My Response to Dr. Lunkhead's Response

Well, the good doctor at Medscape got back to me. Several other people shared their letters and his responses to them on a private listserve. As near as I could tell, his response came in two flavors -- one for self-identified fat people and one for self-identified professionals. Even though I fit both categories, my response was more typical of the former groups.

Lunkhead's e-mail

Hello Pattie,

Thanks for writing and sharing your important experiences and observations. I am sorry that things have been so difficult for you. I laud your significant achievements against substantial adversity. The American public health problem of increasing overweight which has been noted for a number of years has accelerated and threatens premature disability and death for tens of millions of people, not a minority, but a majority of Americans.
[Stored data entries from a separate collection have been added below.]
(* Let $\delta_i>0$, $L_{17}>0$, and for $\theta_i,\theta_{i-1}\in\mathbb{R}^n$ let $\dot\theta_i=(\theta_i-\theta_{i-1})/\delta_i$. Define $$P_6(x,L_{17})=\begin{cases}1& x<L_{17}/2\\ -3(L_{17}/x)^5+23(L_{17}/x)^4-68(L_{17}/x)^3+96(L_{17}/x)^2-64(L_{17}/x)+17 & L_{17}/2\le x<L_{17}\\ L_{17}/x&\text{otherwise}\end{cases}$$ and $\dot{\bar\theta}_i=\dot\theta_iP_6(\|\dot\theta_i\|,L_{17})$. Let $f_i^d=-c(\theta_i)\,T(\theta_i)\dot\theta_i/\sqrt{\|T(\theta_i)\dot\theta_i\|^2+\epsilon_r}$ be the smoothed Coulomb friction force and $f_i^{d\star}=-c(\theta_i)\,T(\theta_i)\dot{\bar\theta}_i/\sqrt{\|T(\theta_i)\dot{\bar\theta}_i\|^2+\epsilon_r}$ its velocity-limited version. Then: (i) $\dot{\bar\theta}_i$ is twice differentiable in $(\theta_i,\theta_{i-1})$ with locally Lipschitz second derivatives; (ii) $\|\dot{\bar\theta}_i\|\le L_{17}$; (iii) $\dot{\bar\theta}_i=\dot\theta_i$ and $f_i^d=f_i^{d\star}$ whenever $\|\dot\theta_i\|\le L_{17}/2$; (iv) there is a constant $L_{18}$ independent of $L_{17}$ such that $\|\partial\dot{\bar\theta}_i/\partial\theta_i\|\le L_{18}/\delta_i$ and $\|\partial\dot{\bar\theta}_i/\partial\theta_{i-1}\|\le L_{18}/\delta_i$.
   Context: In the friction model, $\nu>0$ is the friction coefficient, $\epsilon_r>0$ a regularization constant, $A\in\mathbb{R}^{3\times n}$ a constant matrix, $h(\theta_i)=\|A\theta_i\|-\epsilon_r$ the contact distance constraint, $c(\theta_i)=\nu\big[\sqrt{|\partial P_4/\partial x(h(\theta_i),L_2)|^2+\epsilon_r}-\epsilon_r\big]$ with $P_4$ the smooth contact penalty ($P_4(x,L_2)=0$ for $x>1/L_2$, $L_2(1-L_2x)^3$ for $2/(3L_2)<x\le1/L_2$, $-1296L_2^6x^5+3249L_2^5x^4-3137L_2^4x^3+1451L_2^3x^2-323L_2^2x+779L_2/27$ for $1/(3L_2)<x\le2/(3L_2)$, $L_2$ otherwise), and $T(\theta_i)=I-\frac{\partial h}{\partial(A\theta_i)}\frac{\partial h}{\partial(A\theta_i)}^T$ if $h\ge0$, $T(\theta_i)=I$ otherwise. Matrix norms are operator norms. *)

theory Defs
  imports "HOL-Analysis.Analysis"
begin

definition P4 :: "real \<Rightarrow> real \<Rightarrow> real" where
  "P4 x L2 =
     (if x > 1 / L2 then 0
      else if 2 / (3 * L2) < x then L2 * (1 - L2 * x) ^ 3
      else if 1 / (3 * L2) < x then
        - 1296 * L2^6 * x^5 + 3249 * L2^5 * x^4 - 3137 * L2^4 * x^3
        + 1451 * L2^3 * x^2 - 323 * L2^2 * x + 779 * L2 / 27
      else L2)"

definition P6 :: "real \<Rightarrow> real \<Rightarrow> real" where
  "P6 x L17 =
     (if x < L17 / 2 then 1
      else if x < L17 then
        (let u = L17 / x in
          - 3 * u^5 + 23 * u^4 - 68 * u^3 + 96 * u^2 - 64 * u + 17)
      else L17 / x)"

definition thdot :: "real \<Rightarrow> real^'n \<Rightarrow> real^'n \<Rightarrow> real^'n" where
  "thdot \<delta> th thp = (1 / \<delta>) *\<^sub>R (th - thp)"

definition thbar :: "real \<Rightarrow> real \<Rightarrow> real^'n \<Rightarrow> real^'n \<Rightarrow> real^'n" where
  "thbar L17 \<delta> th thp = P6 (norm (thdot \<delta> th thp)) L17 *\<^sub>R thdot \<delta> th thp"

definition hdist :: "real \<Rightarrow> real^'n^3 \<Rightarrow> real^'n \<Rightarrow> real" where
  "hdist er A th = norm (A *v th) - er"

definition cfric :: "real \<Rightarrow> real \<Rightarrow> real \<Rightarrow> real^'n^3 \<Rightarrow> real^'n \<Rightarrow> real" where
  "cfric \<nu> er L2 A th =
     \<nu> * (sqrt ((deriv (\<lambda>x. P4 x L2) (hdist er A th))\<^sup>2 + er) - er)"

text \<open>Tangential projector T(theta); the gradient of h with respect to A theta
  is (A theta)/|A theta| (well defined when h \<ge> 0 since eps_r > 0).\<close>
definition Tproj :: "real \<Rightarrow> real^'n^3 \<Rightarrow> real^'n \<Rightarrow> real^3^3" where
  "Tproj er A th =
     (if hdist er A th \<ge> 0 then
        (let g = (1 / norm (A *v th)) *\<^sub>R (A *v th) in
           mat 1 - (\<chi> i j. g $ i * g $ j))
      else mat 1)"

text \<open>Smoothed Coulomb friction force, evaluated at a velocity v
  (the contact-space velocity is A v).\<close>
definition ffric :: "real \<Rightarrow> real \<Rightarrow> real \<Rightarrow> real^'n^3 \<Rightarrow> real^'n \<Rightarrow> real^'n \<Rightarrow> real^3" where
  "ffric \<nu> er L2 A th v =
     (let w = Tproj er A th *v (A *v v) in
        (- cfric \<nu> er L2 A th / sqrt ((norm w)\<^sup>2 + er)) *\<^sub>R w)"

end

theory Submission
  imports Defs
begin

text \<open>
  Write \<open>v\<close> for the finite-difference velocity and \<open>p s = P6 (sqrt s) L\<close>, so that the limited
  velocity is \<open>p (v \<bullet> v) *\<^sub>R v\<close>. In the variable \<open>u = L / sqrt s\<close>, \<open>p\<close> equals \<open>1\<close> for
  \<open>u > 2\<close>, a quintic for \<open>1 \<le> u \<le> 2\<close> and \<open>u\<close> itself for \<open>u < 1\<close>, and the quintic agrees with
  both neighbours up to the second derivative at the breakpoints. So \<open>p\<close> is twice differentiable
  with Lipschitz second derivative on bounded intervals and constant near \<open>0\<close>; hence
  \<open>v \<mapsto> p (v \<bullet> v) *\<^sub>R v\<close> is twice differentiable with locally Lipschitz second derivative, and
  composing with the linear map \<open>(\<theta>, \<theta>') \<mapsto> (\<theta> - \<theta>') / \<delta>\<close> gives (i). Since the quintic
  lies between \<open>1\<close> and \<open>u\<close>, \<open>p (v \<bullet> v) * norm v \<le> L\<close> (ii), and \<open>p = 1\<close> below \<open>(L/2)\<^sup>2\<close> (iii).
  The derivative \<open>p I + 2 p' v v\<^sup>T\<close> is bounded independently of \<open>L\<close> because \<open>p' s * s\<close> depends
  on \<open>u\<close> only, and the chain rule through \<open>v\<close> contributes the factor \<open>1 / \<delta>\<close> (iv).
\<close>

section \<open>Piecewise derivatives and Lipschitz estimates\<close>

lemma DERIV_if_less_at_breakpoint:
  fixes f g :: "real \<Rightarrow> real"
  assumes "(f has_real_derivative D) (at a)" "(g has_real_derivative D) (at a)" "f a = g a"
  shows "((\<lambda>x. if x < a then f x else g x) has_real_derivative D) (at a)"
proof -
  let ?h = "\<lambda>x. if x < a then f x else g x"
  have "(?h has_real_derivative D) (at a within {..a})"
    by (rule has_field_derivative_transform_within[OF has_field_derivative_at_within[OF assms(1)]
          zero_less_one]) (use assms(3) in auto)
  moreover have "(?h has_real_derivative D) (at a within {a..})"
    by (rule has_field_derivative_transform_within[OF has_field_derivative_at_within[OF assms(2)]
          zero_less_one]) auto
  moreover have "{..a} \<union> {a..} = (UNIV :: real set)"
    by auto
  ultimately show ?thesis
    unfolding has_field_derivative_def has_derivative_within
    using Lim_within_Un[where s = "{..a}" and t = "{a..}" and x = a] by auto
qed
Catching it somewhat early for many by a drastic change of individual eating and exercise daily behaviors seems the only way to stem this epidemic, called by some nutritionists an obesidemic. The notion of periodic or alternating fasting (such as every other day) is gaining some proponents. Controlling/limiting caloric intake and increasing caloric output as a method of weight control is a law of physics that does actually work for most people most of the time. There are probably genetic metabolic components that explain some people's excessive problems, but these are still to be understood.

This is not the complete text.